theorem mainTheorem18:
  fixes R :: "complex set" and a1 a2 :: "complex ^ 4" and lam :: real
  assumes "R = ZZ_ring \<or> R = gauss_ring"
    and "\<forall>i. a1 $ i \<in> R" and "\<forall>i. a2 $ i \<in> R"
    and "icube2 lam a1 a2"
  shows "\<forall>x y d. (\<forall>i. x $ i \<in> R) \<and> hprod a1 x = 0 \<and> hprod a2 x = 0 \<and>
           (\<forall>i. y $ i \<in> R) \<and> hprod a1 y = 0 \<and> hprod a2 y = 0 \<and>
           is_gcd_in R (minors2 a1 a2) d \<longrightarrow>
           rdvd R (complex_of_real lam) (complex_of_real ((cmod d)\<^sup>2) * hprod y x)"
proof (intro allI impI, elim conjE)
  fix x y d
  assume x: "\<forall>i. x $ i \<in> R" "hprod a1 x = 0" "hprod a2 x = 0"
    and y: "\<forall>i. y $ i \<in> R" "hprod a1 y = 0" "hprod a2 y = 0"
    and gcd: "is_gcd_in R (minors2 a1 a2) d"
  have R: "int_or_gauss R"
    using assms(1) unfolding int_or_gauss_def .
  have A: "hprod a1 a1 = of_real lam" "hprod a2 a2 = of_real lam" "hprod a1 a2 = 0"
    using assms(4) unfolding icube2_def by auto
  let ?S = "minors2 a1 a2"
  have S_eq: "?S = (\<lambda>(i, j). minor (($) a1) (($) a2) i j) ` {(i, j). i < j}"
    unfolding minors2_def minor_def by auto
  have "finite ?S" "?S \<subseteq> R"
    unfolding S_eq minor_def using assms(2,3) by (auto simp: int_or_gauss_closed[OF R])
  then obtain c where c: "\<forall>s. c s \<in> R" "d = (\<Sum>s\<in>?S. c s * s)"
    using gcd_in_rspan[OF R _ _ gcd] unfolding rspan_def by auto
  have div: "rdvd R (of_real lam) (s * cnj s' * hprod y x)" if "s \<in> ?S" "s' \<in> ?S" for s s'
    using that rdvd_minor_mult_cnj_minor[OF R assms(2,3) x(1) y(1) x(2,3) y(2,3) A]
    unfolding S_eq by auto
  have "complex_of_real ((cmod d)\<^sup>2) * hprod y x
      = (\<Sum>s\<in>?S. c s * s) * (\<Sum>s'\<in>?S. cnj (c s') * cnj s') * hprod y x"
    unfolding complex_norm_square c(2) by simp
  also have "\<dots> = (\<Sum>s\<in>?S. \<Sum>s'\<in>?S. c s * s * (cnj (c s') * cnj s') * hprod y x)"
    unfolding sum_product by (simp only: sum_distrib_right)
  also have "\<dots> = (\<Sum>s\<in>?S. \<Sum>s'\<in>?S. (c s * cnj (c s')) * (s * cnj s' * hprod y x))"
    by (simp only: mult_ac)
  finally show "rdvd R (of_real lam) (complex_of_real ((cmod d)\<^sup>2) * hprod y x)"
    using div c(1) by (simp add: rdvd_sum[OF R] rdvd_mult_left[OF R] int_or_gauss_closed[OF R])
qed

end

*PROBLEM DESCRIPTION*
Everything above from the line containing "(\<forall>i. y $" through the line containing "(\<Sum>s\<in>?S. \<Sum>s'\<in>?S. c" must be copied exactly. Nothing outside that range belongs in the answer.

*SOLUTION FOR THIS TASK*
           (\<forall>i. y $ i \<in> R) \<and> hprod a1 y = 0 \<and> hprod a2 y = 0 \<and>
           is_gcd_in R (minors2 a1 a2) d \<longrightarrow>
           rdvd R (complex_of_real lam) (complex_of_real ((cmod d)\<^sup>2) * hprod y x)"
proof (intro allI impI, elim conjE)
  fix x y d
  assume x: "\<forall>i. x $ i \<in> R" "hprod a1 x = 0" "hprod a2 x = 0"
    and y: "\<forall>i. y $ i \<in> R" "hprod a1 y = 0" "hprod a2 y = 0"
    and gcd: "is_gcd_in R (minors2 a1 a2) d"
  have R: "int_or_gauss R"
    using assms(1) unfolding int_or_gauss_def .
  have A: "hprod a1 a1 = of_real lam" "hprod a2 a2 = of_real lam" "hprod a1 a2 = 0"
    using assms(4) unfolding icube2_def by auto
  let ?S = "minors2 a1 a2"
  have S_eq: "?S = (\<lambda>(i, j). minor (($) a1) (($) a2) i j) ` {(i, j). i < j}"
    unfolding minors2_def minor_def by auto
  have "finite ?S" "?S \<subseteq> R"
    unfolding S_eq minor_def using assms(2,3) by (auto simp: int_or_gauss_closed[OF R])
  then obtain c where c: "\<forall>s. c s \<in> R" "d = (\<Sum>s\<in>?S. c s * s)"
    using gcd_in_rspan[OF R _ _ gcd] unfolding rspan_def by auto
  have div: "rdvd R (of_real lam) (s * cnj s' * hprod y x)" if "s \<in> ?S" "s' \<in> ?S" for s s'
    using that rdvd_minor_mult_cnj_minor[OF R assms(2,3) x(1) y(1) x(2,3) y(2,3) A]
    unfolding S_eq by auto
  have "complex_of_real ((cmod d)\<^sup>2) * hprod y x
      = (\<Sum>s\<in>?S. c s * s) * (\<Sum>s'\<in>?S. cnj (c s') * cnj s') * hprod y x"
    unfolding complex_norm_square c(2) by simp
  also have "\<dots> = (\<Sum>s\<in>?S. \<Sum>s'\<in>?S. c s * s * (cnj (c s') * cnj s') * hprod y x)"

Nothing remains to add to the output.